Boiling Point, Vapor Pressure & Key Physical Properties
of 2-Methyl-2,4-Pentanediol (CAS 107-41-5)

A complete physicochemical data guide for hexylene glycol - why each property value matters, its structural basis, and its direct impact on formulation performance.

🌡️ BP: 197–198 °C 💨 VP: <0.1 hPa ⚖️ LogP: 0.58 🔬 nD²⁰: 1.4225

1 📊 Master Properties Table

The table below consolidates all key physicochemical data for 2-methyl-2,4-pentanediol (CAS 107-41-5) in a single reference. Each property is discussed in detail in the sections that follow.

Property Value Conditions Significance
Boiling Point 197–198 °C 101.3 kPa (1 atm) Low volatility; long open time in coatings
Melting Point −50 °C 101.3 kPa Liquid at all normal storage temperatures
Density 0.921 g/cm³ 20 °C Lighter than water; key for volume/weight conversion
Refractive Index (nD) 1.4225 20 °C, sodium D line Standard QC purity parameter
Dynamic Viscosity ~36 mPa·s 25 °C Pumpable; moderate thickening in formulations
Vapour Pressure <0.1 hPa 20 °C Negligible inhalation risk; slow evaporator
Flash Point 88 °C (closed cup) Pensky-Martens Combustible, not flammable at ambient temperature
Auto-ignition Temperature ~306 °C 101.3 kPa High self-ignition threshold; safe for heated processing
LogP (octanol/water) 0.58 25 °C, experimental Balanced amphiphilicity; partitions into polymer phase
Water Miscibility Complete (all proportions) 20 °C Fully compatible with aqueous formulation systems
Surface Tension ~29 mN/m 25 °C Moderate wetting; lower than water (72 mN/m)
Dielectric Constant (ε) ~25 25 °C (estimated) Moderate polarity; dissolves both ionic and non-ionic species
Evaporation Rate (vs. n-BuAc = 1) <0.01 25 °C Extremely slow evaporator; excellent open-time extender
Flammability Limits (LEL/UEL) ~1.1% / ~8.0% v/v Above flash point temp. Not relevant at ambient temperature storage
Specific Heat Capacity ~2.3 J/(g·K) 25 °C (estimated) Relevant for heat transfer calculations in process design

📌 Data from NIST WebBook CAS 107-41-5, PubChem CID 11593, and Sinolook Chemical technical datasheet. For COA and specification, visit our product page →

2 🌡️ Boiling Point: 197–198 °C

The boiling point of 2-methyl-2,4-pentanediol is 197–198 °C at 101.3 kPa, placing it among the highest-boiling commonly-used glycol solvents while remaining well below the thermal decomposition temperatures encountered in standard industrial processing.

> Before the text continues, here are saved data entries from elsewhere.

(* Let $S$ be a finite abelian semigroup with a zero element, its nonzero elements labelled $\lambda_i$, $i=0,\dots,N$, and $\lambda_{N+1}=0_S$; let $K_{i_1\cdots i_n}{}^{j}$ denote its $n$-selector restricted to indices $i_k,j\in\{0,\dots,N\}$. Let $\mathfrak g$ be a Lie superalgebra with basis $\{T_A\}$ and let $|T_{A_1}\cdots T_{A_n}|$ be an invariant tensor for $\mathfrak g$. Then for arbitrary constants $\alpha_j$, $$|T_{(A_1,i_1)}\cdots T_{(A_n,i_n)}|:=\sum_{j=0}^{N}\alpha_j K_{i_1\cdots i_n}{}^{j}\,|T_{A_1}\cdots T_{A_n}|$$ is an invariant tensor for the $0_S$-forced algebra obtained from $\mathfrak G=S\otimes\mathfrak g$.
   Context: A semigroup is a set with a closed associative multiplication; a zero element $0_S$ satisfies $0_S\lambda=\lambda0_S=0_S$ for all $\lambda\in S$. The $n$-selector $K_{\alpha_1\cdots\alpha_n}{}^{\gamma}$ equals $1$ if $\lambda_{\alpha_1}\cdots\lambda_{\alpha_n}=\lambda_\gamma$ and $0$ otherwise. If $\mathfrak g$ has basis $\{T_A\}$ with grading $\mathfrak q(A)$ and structure constants $C_{AB}{}^C$, the $0_S$-forced algebra of $S\otimes\mathfrak g$ is the vector space with basis $T_{(A,i)}$, $i=0,\dots,N$ (i.e. $\lambda_iT_A$ with the generators $0_ST_A$ set to zero), grading $\mathfrak q(A,i)=\mathfrak q(A)$ and bracket $[T_{(A,i)},T_{(B,j)}]=\sum_{k=0}^N K_{ij}{}^{k}C_{AB}{}^{C}T_{(C,k)}$. A rank-$n$ tensor $|T_{A_1}\cdots T_{A_n}|$ on a Lie superalgebra with structure constants $C_{AB}{}^C$ is invariant if for all $A_0,\dots,A_n$: $\sum_{p=1}^{n}(-1)^{\mathfrak q(A_0)(\mathfrak q(A_1)+\cdots+\mathfrak q(A_{p-1}))}C_{A_0A_p}{}^{B}|T_{A_1}\cdots T_{A_{p-1}}T_BT_{A_{p+1}}\cdots T_{A_n}|=0$. *)

theory Defs
  imports Main
begin

definition abelian_semigroup_with_zero :: "('s \<Rightarrow> 's \<Rightarrow> 's) \<Rightarrow> 's \<Rightarrow> bool" where
  "abelian_semigroup_with_zero mul z \<longleftrightarrow>
     (\<forall>x y w. mul (mul x y) w = mul x (mul y w)) \<and>
     (\<forall>x y. mul x y = mul y x) \<and>
     (\<forall>x. mul z x = z \<and> mul x z = z)"

definition sg_prod :: "('s \<Rightarrow> 's \<Rightarrow> 's) \<Rightarrow> 's list \<Rightarrow> 's" where
  "sg_prod mul xs = foldl mul (hd xs) (tl xs)"

definition selector :: "('s \<Rightarrow> 's \<Rightarrow> 's) \<Rightarrow> 's list \<Rightarrow> 's \<Rightarrow> 'k::zero_neq_one" where
  "selector mul xs g = (if sg_prod mul xs = g then 1 else 0)"

text \<open>Lie superalgebra given by structure constants C A B E (i.e. [T_A,T_B] = sum_E C A B E T_E)
  on a finite basis with Z_2-grading q (values 0 or 1).\<close>
definition lie_superalgebra :: "('a::finite \<Rightarrow> nat) \<Rightarrow> ('a \<Rightarrow> 'a \<Rightarrow> 'a \<Rightarrow> 'k::field) \<Rightarrow> bool" where
  "lie_superalgebra q C \<longleftrightarrow>
     (\<forall>A. q A \<in> {0, 1}) \<and>
     (\<forall>A B E. C A B E \<noteq> 0 \<longrightarrow> q E = (q A + q B) mod 2) \<and>
     (\<forall>A B E. C A B E = - ((-1) ^ (q A * q B)) * C B A E) \<and>
     (\<forall>A B D F.
        (-1) ^ (q A * q D) * (\<Sum>E\<in>UNIV. C B D E * C A E F)
      + (-1) ^ (q B * q A) * (\<Sum>E\<in>UNIV. C D A E * C B E F)
      + (-1) ^ (q D * q B) * (\<Sum>E\<in>UNIV. C A B E * C D E F) = 0)"

text \<open>Invariance of a rank-n tensor t (a function on length-n lists of basis indices from
  the basis set Bs) for the algebra with grading q and structure constants C.\<close>
definition invariant_tensor ::
  "'b set \<Rightarrow> ('b \<Rightarrow> nat) \<Rightarrow> ('b \<Rightarrow> 'b \<Rightarrow> 'b \<Rightarrow> 'k::comm_ring_1) \<Rightarrow> nat \<Rightarrow> ('b list \<Rightarrow> 'k) \<Rightarrow> bool" where
  "invariant_tensor Bs q C n t \<longleftrightarrow>
     (\<forall>A0\<in>Bs. \<forall>As. length As = n \<longrightarrow> set As \<subseteq> Bs \<longrightarrow>
        (\<Sum>p<n. (-1) ^ (q A0 * (\<Sum>k<p. q (As ! k))) *
                 (\<Sum>B\<in>Bs. C A0 (As ! p) B * t (As[p := B]))) = 0)"

text \<open>0_S-forced algebra of S \<otimes> g: basis (A,i) with i a nonzero element of S.\<close>
definition forced_basis :: "'s \<Rightarrow> ('a \<times> 's) set" where
  "forced_basis z = UNIV \<times> {i. i \<noteq> z}"

definition forced_grading :: "('a \<Rightarrow> nat) \<Rightarrow> ('a \<times> 's) \<Rightarrow> nat" where
  "forced_grading q Ai = q (fst Ai)"

definition forced_constants ::
  "('s \<Rightarrow> 's \<Rightarrow> 's) \<Rightarrow> ('a \<Rightarrow> 'a \<Rightarrow> 'a \<Rightarrow> 'k::field) \<Rightarrow> ('a \<times> 's) \<Rightarrow> ('a \<times> 's) \<Rightarrow> ('a \<times> 's) \<Rightarrow> 'k" where
  "forced_constants mul C Ai Bj Ck = selector mul [snd Ai, snd Bj] (snd Ck) * C (fst Ai) (fst Bj) (fst Ck)"

definition induced_tensor ::
  "('s \<Rightarrow> 's \<Rightarrow> 's) \<Rightarrow> 's \<Rightarrow> ('s \<Rightarrow> 'k::field) \<Rightarrow> ('a list \<Rightarrow> 'k) \<Rightarrow> ('a \<times> 's) list \<Rightarrow> 'k" where
  "induced_tensor mul z \<alpha> t Ais =
     (\<Sum>j\<in>{j. j \<noteq> z}. \<alpha> j * selector mul (map snd Ais) j * t (map fst Ais))"

end

theory Submission
  imports Defs
begin

text \<open>For nonzero j the selectors satisfy
  sum_{k nonzero} K_{a i_p}^k K_{i_1 .. k .. i_n}^j = K_{a i_1 .. i_n}^j:
  the terms with k = 0_S discarded by the 0_S-forced algebra would contribute nothing anyway,
  because a product containing 0_S is never a nonzero j. Hence the bracket with T_(A_0, i_0),
  acting on the p-th slot of the induced tensor, multiplies the p-th term of the invariance sum
  of t by sum_j \<alpha>_j K_{i_0 i_1 .. i_n}^j. This factor does not depend on p, so the invariance
  of t carries over.\<close>

lemma abelian_semigroup_with_zeroD:
  assumes "abelian_semigroup_with_zero mul z"
  shows "mul (mul x y) w = mul x (mul y w)" and "mul x y = mul y x" and "mul z x = z"
  using assms unfolding abelian_semigroup_with_zero_def by auto

lemma foldl_mul_left:
  assumes assoc: "\<And>x y w. mul (mul x y) w = mul x (mul y w)"
  shows "foldl mul (mul a x) xs = mul a (foldl mul x xs)"
  by (induction xs arbitrary: x) (simp_all add: assoc)

lemma foldl_update_mul_left:
  assumes assoc: "\<And>x y w. mul (mul x y) w = mul x (mul y w)"
    and comm: "\<And>x y. mul x y = mul y x"
    and "p < length xs"
  shows "foldl mul x (xs[p := mul a (xs ! p)]) = mul a (foldl mul x xs)"
  using \<open>p < length xs\<close>
proof (induction xs arbitrary: x p)
  case Nil
  then show ?case by simp
next
  case (Cons y ys)
  show ?case
  proof (cases p)
    case 0
    have "mul x (mul a y) = mul a (mul x y)"
      by (metis assoc comm)
    then show ?thesis
      using 0 foldl_mul_left[OF assoc] by simp
  next
    case (Suc p')
    then show ?thesis
      using Cons by simp
  qed
qed

lemma sg_prod_Cons:
  assumes assoc: "\<And>x y w. mul (mul x y) w = mul x (mul y w)"
    and "xs \<noteq> []"
  shows "sg_prod mul (a # xs) = mul a (sg_prod mul xs)"
  using \<open>xs \<noteq> []\<close> foldl_mul_left[OF assoc]
  by (cases xs) (simp_all add: sg_prod_def)

lemma sg_prod_update_mul_left:
  assumes assoc: "\<And>x y w. mul (mul x y) w = mul x (mul y w)"
    and comm: "\<And>x y. mul x y = mul y x"
    and "p < length xs"
  shows "sg_prod mul (xs[p := mul a (xs ! p)]) = mul a (sg_prod mul xs)"
proof (cases xs)
  case Nil
  then show ?thesis
    using \<open>p < length xs\<close> by simp
next
  case (Cons y ys)
  then show ?thesis
    using \<open>p < length xs\<close> foldl_mul_left[OF assoc] foldl_update_mul_left[OF assoc comm]
    by (cases p) (simp_all add: sg_prod_def)
qed

lemma sum_selector_update:
  fixes mul :: "'s::finite \<Rightarrow> 's \<Rightarrow> 's"
  assumes asg: "abelian_semigroup_with_zero mul z" and "j \<noteq> z" and p: "p < length xs"
  shows "(\<Sum>k\<in>{k. k \<noteq> z}. selector mul [a, xs ! p] k * selector mul (xs[p := k]) j :: 'k::semiring_1)
      = selector mul (a # xs) j"
proof -
  note assoc = abelian_semigroup_with_zeroD(1)[OF asg]
  note comm = abelian_semigroup_with_zeroD(2)[OF asg]
  have prod_eq: "sg_prod mul (a # xs) = sg_prod mul (xs[p := mul a (xs ! p)])"
  proof -
    have "xs \<noteq> []"
      using p by auto
    then show ?thesis
      using p by (simp add: sg_prod_Cons[OF assoc] sg_prod_update_mul_left[OF assoc comm])
  qed
  have "(\<Sum>k\<in>{k. k \<noteq> z}. selector mul [a, xs ! p] k * selector mul (xs[p := k]) j :: 'k)
      = (\<Sum>k\<in>{k. k \<noteq> z}. if mul a (xs ! p) = k then selector mul (xs[p := k]) j else 0)"
    by (rule sum.cong) (simp_all add: selector_def sg_prod_def)
  also have "\<dots> = selector mul (xs[p := mul a (xs ! p)]) j"
  proof (cases "mul a (xs ! p) = z")
    case True
    note zero = abelian_semigroup_with_zeroD(3)[OF asg]
    have "sg_prod mul (xs[p := mul a (xs ! p)]) = sg_prod mul (xs[p := mul z (xs ! p)])"
      using True zero by simp
    also have "\<dots> = z"
      using sg_prod_update_mul_left[OF assoc comm p, of z] zero by simp
    finally have "sg_prod mul (xs[p := mul a (xs ! p)]) = z" .
    then show ?thesis
      using True \<open>j \<noteq> z\<close> by (simp add: selector_def)
  next
    case False
    then show ?thesis
      by (simp add: sum.delta)
  qed
  finally show ?thesis
    by (simp add: selector_def prod_eq)
qed

lemma forced_bracket_induced_tensor:
  fixes mul :: "'s::finite \<Rightarrow> 's \<Rightarrow> 's" and C :: "'a::finite \<Rightarrow> 'a \<Rightarrow> 'a \<Rightarrow> 'k::field"
  assumes asg: "abelian_semigroup_with_zero mul z" and p: "p < length As"
  shows "(\<Sum>B\<in>forced_basis z. forced_constants mul C (a0, i0) (As ! p) B
            * induced_tensor mul z \<alpha> t (As[p := B]))
       = (\<Sum>j\<in>{j. j \<noteq> z}. \<alpha> j * selector mul (i0 # map snd As) j)
            * (\<Sum>b\<in>UNIV. C a0 (map fst As ! p) b * t ((map fst As)[p := b]))"
proof -
  define K where "K = {k::'s. k \<noteq> z}"
  define as where "as = map fst As"
  define iss where "iss = map snd As"
  define c where "c = (\<Sum>j\<in>K. \<alpha> j * selector mul (i0 # iss) j)"
  define s where "s k j = (selector mul [i0, iss ! p] k * selector mul (iss[p := k]) j :: 'k)" for k j
  have p': "p < length iss"
    using p by (simp add: iss_def)
  have summand: "forced_constants mul C (a0, i0) (As ! p) (b, k) * induced_tensor mul z \<alpha> t (As[p := (b, k)])
      = C a0 (as ! p) b * t (as[p := b]) * (\<Sum>j\<in>K. \<alpha> j * s k j)" for b k
    using p
    by (simp add: forced_constants_def induced_tensor_def map_update sum_distrib_left s_def
        as_def iss_def K_def mult_ac)
  have "(\<Sum>B\<in>forced_basis z. forced_constants mul C (a0, i0) (As ! p) B
            * induced_tensor mul z \<alpha> t (As[p := B]))
      = (\<Sum>b\<in>UNIV. C a0 (as ! p) b * t (as[p := b]) * (\<Sum>k\<in>K. \<Sum>j\<in>K. \<alpha> j * s k j))"
    unfolding forced_basis_def K_def[symmetric] sum.cartesian_product' summand
    by (simp add: sum_distrib_left)
  also have "(\<Sum>k\<in>K. \<Sum>j\<in>K. \<alpha> j * s k j) = (\<Sum>j\<in>K. \<alpha> j * (\<Sum>k\<in>K. s k j))"
    by (subst sum.swap) (simp add: sum_distrib_left)
  also have "\<dots> = c"
    unfolding c_def s_def K_def using asg p'
    by (intro sum.cong refl arg_cong2[where f = "(*)"] sum_selector_update) simp_all
  finally show ?thesis
    by (simp add: sum_distrib_right mult_ac c_def as_def iss_def K_def)
qed

lemma invariant_tensor_induced_tensor:
  fixes mul :: "'s::finite \<Rightarrow> 's \<Rightarrow> 's" and C :: "'a::finite \<Rightarrow> 'a \<Rightarrow> 'a \<Rightarrow> 'k::field"
  assumes asg: "abelian_semigroup_with_zero mul z"
    and inv: "invariant_tensor UNIV q C n t"
  shows "invariant_tensor (forced_basis z) (forced_grading q) (forced_constants mul C) n
           (induced_tensor mul z \<alpha> t)"
  unfolding invariant_tensor_def
proof (intro ballI allI impI)
  fix A0 :: "'a \<times> 's" and As :: "('a \<times> 's) list"
  assume len: "length As = n"
  obtain a0 i0 where A0: "A0 = (a0, i0)"
    by fastforce
  define as where "as = map fst As"
  have len_as: "length as = n"
    using len by (simp add: as_def)
  define c where "c = (\<Sum>j\<in>{j. j \<noteq> z}. \<alpha> j * selector mul (i0 # map snd As) j)"
  define sign where "sign p = ((-1) ^ (q a0 * (\<Sum>k<p. q (as ! k))) :: 'k)" for p
  have inv_as: "(\<Sum>p<n. sign p * (\<Sum>b\<in>UNIV. C a0 (as ! p) b * t (as[p := b]))) = 0"
    using inv len_as unfolding invariant_tensor_def sign_def by blast
  have forced_sign: "(-1) ^ (forced_grading q (a0, i0) * (\<Sum>k<p. forced_grading q (As ! k))) = sign p"
    if "p < n" for p
    using that len by (simp add: sign_def forced_grading_def as_def)
  have "(\<Sum>p<n. (-1) ^ (forced_grading q A0 * (\<Sum>k<p. forced_grading q (As ! k)))
          * (\<Sum>B\<in>forced_basis z. forced_constants mul C A0 (As ! p) B
               * induced_tensor mul z \<alpha> t (As[p := B])))
      = (\<Sum>p<n. c * (sign p * (\<Sum>b\<in>UNIV. C a0 (as ! p) b * t (as[p := b]))))"
    (is "(\<Sum>p<n. ?term p) = _")
  proof (intro sum.cong refl)
    fix p
    assume "p \<in> {..<n}"
    then have "p < n" and "p < length As"
      using len by simp_all
    then show "?term p = c * (sign p * (\<Sum>b\<in>UNIV. C a0 (as ! p) b * t (as[p := b])))"
      unfolding A0 forced_sign[OF \<open>p < n\<close>] forced_bracket_induced_tensor[OF asg \<open>p < length As\<close>]
      by (simp add: c_def as_def)
  qed
  also have "\<dots> = 0"
    using inv_as by (simp add: sum_distrib_left[symmetric])
  finally show "(\<Sum>p<n. ?term p) = 0" .
qed

theorem theorem4:
  fixes mul :: "'s::finite \<Rightarrow> 's \<Rightarrow> 's" and z :: 's
    and q :: "'a::finite \<Rightarrow> nat" and C :: "'a \<Rightarrow> 'a \<Rightarrow> 'a \<Rightarrow> 'k::field"
    and n :: nat and t :: "'a list \<Rightarrow> 'k" and \<alpha> :: "'s \<Rightarrow> 'k"
  assumes "abelian_semigroup_with_zero mul z"
    and "\<exists>x. x \<noteq> z"
    and "lie_superalgebra q C"
    and "n \<ge> 1"
    and "invariant_tensor UNIV q C n t"
  shows "invariant_tensor (forced_basis z) (forced_grading q) (forced_constants mul C) n
           (induced_tensor mul z \<alpha> t)"
  using assms(1,5) by (rule invariant_tensor_induced_tensor)

end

Why Is the Boiling Point So High?

Two structural features drive the elevated boiling point: the presence of two hydroxyl groups, each capable of forming intermolecular hydrogen bonds, requires considerably more thermal energy to disrupt the liquid structure and achieve vaporisation than would be expected from the molecular weight alone. For comparison, hexane (MW 86, no –OH groups) boils at just 69 °C - MPD's two –OH groups add approximately 130 °C to the boiling point.

Compound MW (g/mol) –OH Groups Boiling Point (°C) Key Application
MPD (hexylene glycol) ⭐ 118.17 2 197–198 Coatings coalescent, cosmetics
Propylene glycol 76.09 2 188 Food, pharma, cosmetics
Butylene glycol 90.12 2 207 Cosmetics
Ethylene glycol 62.07 2 197 Antifreeze, polyester
Glycerin 92.09 3 290 (dec.) Humectant, pharmaceutical

Practical Significance in Formulation

🔹 Coatings open time: The high boiling point is the primary reason MPD extends open time in waterborne architectural paints - it remains in the wet film as a "slow-evaporating reservoir" long after the bulk water has left.
🔹 Hot-process compatibility: MPD is thermally stable throughout standard emulsification and manufacturing processes (70–85 °C) with no meaningful evaporative loss.
🔹 Safe at elevated temperatures: Even in heated storage tanks and process vessels operating up to 80 °C, MPD remains well below its boiling point with no vapour pressure concerns.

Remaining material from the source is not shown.